A Chinese business publication has detailed a fevered rush by investors to secure allocations in a hot “future industry” unicorn, reportedly offering gifts and accepting steep fees to get in. Huxiu (虎嗅) reports that the company—unnamed in the piece—was rumored to have an A-shares (A股) “green channel” for a fast domestic listing. The result? A mid-deal valuation jump from 8 billion yuan to 10 billion yuan (roughly $1.1–$1.4 billion), despite the startup posting about 300 million yuan in revenue and a 200 million yuan loss last year. Is this discipline, or a dash for exits?
Policy backdrop and why it matters
Beijing has urged more domestic listings by “hard tech” and “future industry” firms, while the China Securities Regulatory Commission (CSRC, 中国证监会) has promoted a registration-based IPO regime and selective support for strategically important sectors. US export controls and broader geopolitical tensions have also pushed capital toward homegrown technologies and supply chain upgrades, heightening scarcity value for perceived winners. Against that backdrop, rumors of fast-track IPO treatment can supercharge demand—regardless of fundamentals.
Inside the deal mechanics
According to Huxiu, the company’s board secretary told one prospective investor that “more than 100 institutions” were vying for quota, and that “many” were willing to provide “benefits” to secure an allocation. One investor, agreeing to commit 100 million yuan, was presented with a special purpose vehicle (SPV) structure carrying a 20% performance fee—effectively fund-like “carry”—despite earlier expectations of a direct deal. The investor reportedly accepted the SPV terms and discussed handling a “personal benefit” for the executive separately. In a striking detail emblematic of China’s gift-giving culture, a bottle of 1997 Kweichow Moutai (贵州茅台) was reportedly deployed to help close the allocation.

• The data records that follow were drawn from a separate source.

(* Let $L$ be a Latin array of order $n$. If $L$ has at least $(229n^2+27n)/256$ distinct symbols, then $L$ has a transversal.
   Context: An array of order $n$ is an $n\times n$ array with a symbol in each cell; an entry is a triple $(i,j,A_{ij})$. An array is Latin if no symbol appears more than once in any row or column. A transversal of an $n\times n$ array is a set of $n$ entries, no two of which agree in row, column, or symbol. *)

theory Defs
  imports Complex_Main
begin

text \<open>An array of order n: a function A :: nat => nat => 'a, where only the cells
(i,j) with i < n and j < n are relevant. An entry is a triple (i, j, A i j).\<close>

definition entries :: "nat \<Rightarrow> (nat \<Rightarrow> nat \<Rightarrow> 'a) \<Rightarrow> (nat \<times> nat \<times> 'a) set" where
  "entries n A = {(i, j, A i j) | i j. i < n \<and> j < n}"

definition symbols :: "nat \<Rightarrow> (nat \<Rightarrow> nat \<Rightarrow> 'a) \<Rightarrow> 'a set" where
  "symbols n A = {A i j | i j. i < n \<and> j < n}"

definition latin :: "nat \<Rightarrow> (nat \<Rightarrow> nat \<Rightarrow> 'a) \<Rightarrow> bool" where
  "latin n A \<longleftrightarrow>
     (\<forall>i<n. \<forall>j<n. \<forall>k<n. j \<noteq> k \<longrightarrow> A i j \<noteq> A i k) \<and>
     (\<forall>j<n. \<forall>i<n. \<forall>k<n. i \<noteq> k \<longrightarrow> A i j \<noteq> A k j)"

definition is_transversal :: "nat \<Rightarrow> (nat \<Rightarrow> nat \<Rightarrow> 'a) \<Rightarrow> (nat \<times> nat \<times> 'a) set \<Rightarrow> bool" where
  "is_transversal n A T \<longleftrightarrow>
     T \<subseteq> entries n A \<and> card T = n \<and>
     (\<forall>e\<in>T. \<forall>f\<in>T. e \<noteq> f \<longrightarrow>
        fst e \<noteq> fst f \<and> fst (snd e) \<noteq> fst (snd f) \<and> snd (snd e) \<noteq> snd (snd f))"

end

theory Submission
  imports Defs
begin

(*
  Call a cell unique if its symbol occurs in no other cell, and let e = n^2 - #symbols be the
  number of missing symbols; at most 2e cells are not unique.  With d = n div 8, a row or column
  with fewer than d unique cells has at least n + 1 - d non-unique cells, so there are at most
  (n + 1)/2 such poor lines, and greedily adding cells in the Latin array yields a partial
  transversal P through all of them.  Extend P to a set K containing exactly one cell of every
  symbol: K contains all unique cells and misses exactly e cells, and a transversal is a perfect
  matching of rows to columns inside K.  If Hall's condition failed for a set X of rows, X and the
  set Y of columns it does not reach span a rectangle of missed cells with |X| + |Y| > n, while the
  lines outside P, having at least d unique cells, force d < |X| <= n - d; then |X| |Y| > e,
  contradicting the bound on the number of symbols.
*)

lemma distinct_representatives_glue:
  assumes "inj_on f J" "\<forall>i\<in>J. f i \<in> S i \<inter> U"
    and "inj_on g (I - J)" "\<forall>i\<in>I - J. g i \<in> S i - U"
  shows "\<exists>h. inj_on h I \<and> (\<forall>i\<in>I. h i \<in> S i)"
proof (intro exI conjI)
  let ?h = "\<lambda>i. if i \<in> J then f i else g i"
  have side: "?h i \<in> U \<longleftrightarrow> i \<in> J" if "i \<in> I" for i
    using assms that by auto
  show "inj_on ?h I"
  proof (rule inj_onI)
    fix i j assume ij: "i \<in> I" "j \<in> I" "?h i = ?h j"
    then have "i \<in> J \<longleftrightarrow> j \<in> J"
      using side by metis
    then show "i = j"
      using assms ij by (cases "i \<in> J") (auto dest: inj_onD)
  qed
  show "\<forall>i\<in>I. ?h i \<in> S i"
    using assms by auto
qed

Risks for investors—and compliance red flags
The episode spotlights fee stacking and governance risk at the height of China’s tech dealmaking, where access can trump economics. Layering a 20% carry onto a primary allocation may dilute limited-partner returns, while side arrangements invite scrutiny amid an ongoing anti-corruption drive that explicitly targets off-book favors and luxury gifts. Ultimately, even if an A-share listing materializes, can a 10 billion yuan entry price deliver? In a market still feeling the chill of tighter regulation and uneven exits, the scramble for “green channel” deals may say more about scarcity and signaling than about value.